(INFORMATION PROVIDED)

text \<open>By (ii), the relabelled node \<open>v\<close> leaves along exactly the arcs the old label \<open>\<alpha>\<close>
  followed, so the runs of \<open>Z\<close> and \<open>Z'\<close> on any state coincide and the outputs differ only where
  the run stops at \<open>v\<close>, with \<open>\<beta>\<close> in place of \<open>\<alpha>\<close>. By (i), every sequence satisfying
  \<open>\<Psi>\<^sub>Z\<^sub>'\<close> then satisfies \<open>\<Psi>\<^sub>Z\<close>, so \<open>\<box>\<Psi>\<^sub>Z\<^sub>'\<close> entails \<open>\<box>\<Psi>\<^sub>Z\<close> and hence the specification.\<close>

lemma ltl_sat_LAlways: "ltl_sat \<sigma> (LAlways \<psi>) \<longleftrightarrow> (\<forall>k. ltl_sat (suffix_seq k \<sigma>) \<psi>)"
  by (simp add: LAlways_def LEventually_def LTrue_def)

lemma ltl_entails_LAlways_mono:
  "ltl_entails \<phi> \<psi> \<Longrightarrow> ltl_entails (LAlways \<phi>) (LAlways \<psi>)"
  by (simp add: ltl_entails_def ltl_sat_LAlways)

lemma ltl_entails_trans:
  "ltl_entails \<phi> \<psi> \<Longrightarrow> ltl_entails \<psi> \<chi> \<Longrightarrow> ltl_entails \<phi> \<chi>"
  by (simp add: ltl_entails_def)

lemma ltl_sat_LBigOr: "ltl_sat \<sigma> (LBigOr xs) \<longleftrightarrow> (\<exists>x\<in>set xs. ltl_sat \<sigma> x)"
  by (induction xs) (auto simp: LBigOr_def LFalse_def)

lemma finite_ds_actions: "wf_dstruct Z \<Longrightarrow> finite (ds_actions Z)"
  by (simp add: wf_dstruct_def ds_actions_def)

(End INFORMATION PROVIDED)

- DIRECTIONS: Check each line of the entries above, and show every one holding the word "Longrightarrow".

- WRITTEN SOLUTION:
  "ltl_entails \<phi> \<psi> \<Longrightarrow> ltl_entails (LAlways \<phi>) (LAlways \<psi>)"
  "ltl_entails \<phi> \<psi> \<Longrightarrow> ltl_entails \<psi> \<chi> \<Longrightarrow> ltl_entails \<phi> \<chi>"
lemma finite_ds_actions: "wf_dstruct Z \<Longrightarrow> finite (ds_actions Z)"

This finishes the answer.